(Data records)
▬▬▬▬▬▬

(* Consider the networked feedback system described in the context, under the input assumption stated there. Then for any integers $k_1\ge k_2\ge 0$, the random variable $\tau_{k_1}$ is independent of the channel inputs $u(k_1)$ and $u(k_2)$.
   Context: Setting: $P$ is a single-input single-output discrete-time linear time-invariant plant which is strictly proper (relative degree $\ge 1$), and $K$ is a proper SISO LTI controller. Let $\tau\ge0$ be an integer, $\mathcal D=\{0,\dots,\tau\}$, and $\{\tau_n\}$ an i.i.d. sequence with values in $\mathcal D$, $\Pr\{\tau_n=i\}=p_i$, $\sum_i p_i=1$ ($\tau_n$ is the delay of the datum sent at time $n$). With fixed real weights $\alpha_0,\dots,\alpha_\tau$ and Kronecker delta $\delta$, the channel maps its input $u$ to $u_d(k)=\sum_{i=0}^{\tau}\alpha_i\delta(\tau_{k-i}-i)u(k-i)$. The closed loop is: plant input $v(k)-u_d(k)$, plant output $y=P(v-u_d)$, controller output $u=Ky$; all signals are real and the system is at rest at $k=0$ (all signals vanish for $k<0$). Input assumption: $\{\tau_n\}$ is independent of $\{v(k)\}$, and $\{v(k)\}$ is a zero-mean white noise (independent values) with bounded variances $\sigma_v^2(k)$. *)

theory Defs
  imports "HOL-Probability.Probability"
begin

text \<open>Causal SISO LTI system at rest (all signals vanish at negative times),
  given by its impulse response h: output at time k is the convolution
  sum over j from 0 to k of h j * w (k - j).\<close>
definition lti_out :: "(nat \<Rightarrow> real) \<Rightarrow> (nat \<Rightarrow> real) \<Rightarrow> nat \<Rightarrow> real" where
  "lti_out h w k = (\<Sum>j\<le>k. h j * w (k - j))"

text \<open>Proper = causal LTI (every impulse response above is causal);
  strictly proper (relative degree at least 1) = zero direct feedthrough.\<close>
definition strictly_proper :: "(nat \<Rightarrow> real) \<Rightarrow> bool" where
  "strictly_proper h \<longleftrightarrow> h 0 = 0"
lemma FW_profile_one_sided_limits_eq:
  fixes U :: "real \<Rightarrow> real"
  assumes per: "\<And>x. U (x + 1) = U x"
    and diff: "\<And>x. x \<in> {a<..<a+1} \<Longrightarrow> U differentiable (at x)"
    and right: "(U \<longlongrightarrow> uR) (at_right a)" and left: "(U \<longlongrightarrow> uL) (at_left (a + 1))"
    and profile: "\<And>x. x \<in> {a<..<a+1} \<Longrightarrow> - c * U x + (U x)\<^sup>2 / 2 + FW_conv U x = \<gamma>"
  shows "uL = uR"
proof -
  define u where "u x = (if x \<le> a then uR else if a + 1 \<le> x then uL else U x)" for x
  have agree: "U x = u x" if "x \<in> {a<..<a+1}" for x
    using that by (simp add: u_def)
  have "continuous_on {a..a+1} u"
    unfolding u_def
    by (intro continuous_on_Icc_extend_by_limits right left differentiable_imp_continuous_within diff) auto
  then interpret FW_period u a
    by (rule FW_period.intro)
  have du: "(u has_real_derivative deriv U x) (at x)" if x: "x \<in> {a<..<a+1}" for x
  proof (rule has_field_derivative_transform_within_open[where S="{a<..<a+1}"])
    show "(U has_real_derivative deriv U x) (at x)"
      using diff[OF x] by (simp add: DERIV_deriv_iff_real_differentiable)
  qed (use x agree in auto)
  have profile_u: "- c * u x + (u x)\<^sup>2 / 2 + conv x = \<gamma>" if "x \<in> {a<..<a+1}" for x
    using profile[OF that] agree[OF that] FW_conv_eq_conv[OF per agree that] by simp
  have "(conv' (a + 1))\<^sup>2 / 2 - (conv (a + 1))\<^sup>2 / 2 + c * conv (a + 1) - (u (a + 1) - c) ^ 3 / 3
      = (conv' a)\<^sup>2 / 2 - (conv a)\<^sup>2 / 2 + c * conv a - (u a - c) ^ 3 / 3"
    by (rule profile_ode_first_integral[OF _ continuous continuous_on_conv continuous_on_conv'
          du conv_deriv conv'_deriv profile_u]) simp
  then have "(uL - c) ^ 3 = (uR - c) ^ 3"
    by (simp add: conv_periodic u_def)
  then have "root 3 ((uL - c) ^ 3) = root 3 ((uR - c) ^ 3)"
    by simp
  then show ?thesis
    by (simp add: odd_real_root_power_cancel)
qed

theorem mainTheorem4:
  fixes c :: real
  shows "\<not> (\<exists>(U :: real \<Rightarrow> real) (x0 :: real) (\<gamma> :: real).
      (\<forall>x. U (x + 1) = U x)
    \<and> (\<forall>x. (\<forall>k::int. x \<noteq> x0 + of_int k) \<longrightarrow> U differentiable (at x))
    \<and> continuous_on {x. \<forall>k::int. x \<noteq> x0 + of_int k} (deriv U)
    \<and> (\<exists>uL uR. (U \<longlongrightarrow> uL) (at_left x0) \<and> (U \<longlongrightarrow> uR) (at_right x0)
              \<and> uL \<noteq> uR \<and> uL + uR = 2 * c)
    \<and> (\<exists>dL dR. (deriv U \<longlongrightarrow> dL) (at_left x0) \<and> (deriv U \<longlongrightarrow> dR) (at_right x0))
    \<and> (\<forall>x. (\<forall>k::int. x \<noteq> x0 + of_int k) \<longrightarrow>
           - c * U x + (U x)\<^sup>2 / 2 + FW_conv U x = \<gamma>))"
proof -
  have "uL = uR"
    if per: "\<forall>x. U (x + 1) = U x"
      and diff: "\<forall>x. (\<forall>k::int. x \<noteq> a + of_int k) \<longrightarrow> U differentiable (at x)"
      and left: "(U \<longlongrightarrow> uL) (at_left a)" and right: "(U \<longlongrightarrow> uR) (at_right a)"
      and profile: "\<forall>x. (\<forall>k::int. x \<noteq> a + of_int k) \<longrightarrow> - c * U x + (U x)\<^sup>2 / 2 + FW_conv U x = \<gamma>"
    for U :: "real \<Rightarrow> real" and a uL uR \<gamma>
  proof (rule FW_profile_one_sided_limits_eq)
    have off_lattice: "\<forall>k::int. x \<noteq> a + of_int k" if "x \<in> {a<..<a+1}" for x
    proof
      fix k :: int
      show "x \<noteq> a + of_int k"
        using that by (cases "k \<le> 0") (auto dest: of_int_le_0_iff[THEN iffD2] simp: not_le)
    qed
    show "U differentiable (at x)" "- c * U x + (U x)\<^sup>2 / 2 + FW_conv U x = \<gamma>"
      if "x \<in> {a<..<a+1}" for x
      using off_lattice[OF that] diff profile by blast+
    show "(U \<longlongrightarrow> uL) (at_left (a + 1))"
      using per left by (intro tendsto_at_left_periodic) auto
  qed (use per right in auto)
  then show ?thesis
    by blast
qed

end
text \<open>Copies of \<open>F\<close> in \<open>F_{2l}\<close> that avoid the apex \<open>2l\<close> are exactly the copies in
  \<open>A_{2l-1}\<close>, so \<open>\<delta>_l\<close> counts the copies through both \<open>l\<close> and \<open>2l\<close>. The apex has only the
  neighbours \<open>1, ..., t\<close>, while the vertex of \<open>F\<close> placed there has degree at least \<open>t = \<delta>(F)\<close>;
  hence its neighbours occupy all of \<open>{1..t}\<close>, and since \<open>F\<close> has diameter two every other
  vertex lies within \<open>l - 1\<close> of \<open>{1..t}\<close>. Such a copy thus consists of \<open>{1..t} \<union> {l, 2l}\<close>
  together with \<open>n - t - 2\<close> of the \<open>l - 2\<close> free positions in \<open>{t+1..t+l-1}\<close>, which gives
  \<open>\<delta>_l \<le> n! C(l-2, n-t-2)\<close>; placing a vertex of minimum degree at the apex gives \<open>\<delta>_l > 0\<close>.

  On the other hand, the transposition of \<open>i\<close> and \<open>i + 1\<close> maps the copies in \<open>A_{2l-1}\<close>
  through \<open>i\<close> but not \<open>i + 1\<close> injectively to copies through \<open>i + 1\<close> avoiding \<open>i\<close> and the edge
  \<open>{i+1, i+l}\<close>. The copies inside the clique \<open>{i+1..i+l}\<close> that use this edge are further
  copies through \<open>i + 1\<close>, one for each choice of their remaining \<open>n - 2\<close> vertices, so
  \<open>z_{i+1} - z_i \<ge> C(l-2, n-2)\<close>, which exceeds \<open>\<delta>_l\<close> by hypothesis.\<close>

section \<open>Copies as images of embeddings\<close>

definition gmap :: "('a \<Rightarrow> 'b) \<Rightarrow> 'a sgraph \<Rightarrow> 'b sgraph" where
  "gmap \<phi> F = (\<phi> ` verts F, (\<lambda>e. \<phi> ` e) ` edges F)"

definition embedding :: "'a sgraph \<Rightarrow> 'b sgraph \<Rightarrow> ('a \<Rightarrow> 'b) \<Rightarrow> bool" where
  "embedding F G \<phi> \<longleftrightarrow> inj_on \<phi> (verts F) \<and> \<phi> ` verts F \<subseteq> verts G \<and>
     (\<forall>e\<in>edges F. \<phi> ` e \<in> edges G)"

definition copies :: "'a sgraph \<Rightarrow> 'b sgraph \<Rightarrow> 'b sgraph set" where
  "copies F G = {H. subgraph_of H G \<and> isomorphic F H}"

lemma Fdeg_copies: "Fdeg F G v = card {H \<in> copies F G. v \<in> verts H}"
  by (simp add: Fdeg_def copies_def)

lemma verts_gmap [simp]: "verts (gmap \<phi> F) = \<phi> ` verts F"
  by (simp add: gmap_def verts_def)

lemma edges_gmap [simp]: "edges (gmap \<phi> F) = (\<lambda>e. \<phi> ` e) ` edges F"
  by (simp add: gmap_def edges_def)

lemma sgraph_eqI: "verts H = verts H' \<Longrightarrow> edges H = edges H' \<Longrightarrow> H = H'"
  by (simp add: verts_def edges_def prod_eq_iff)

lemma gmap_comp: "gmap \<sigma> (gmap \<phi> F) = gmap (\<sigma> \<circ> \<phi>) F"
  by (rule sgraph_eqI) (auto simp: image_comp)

▬▬▬▬▬▬

* _Exercise instructions_
Each line of the data that holds "neighbours" should be copied.

* _Output for this exercise_
  neighbours \<open>1, ..., t\<close>, while the vertex of \<open>F\<close> placed there has degree at least \<open>t = \<delta>(F)\<close>;
  hence its neighbours occupy all of \<open>{1..t}\<close>, and since \<open>F\<close> has diameter two every other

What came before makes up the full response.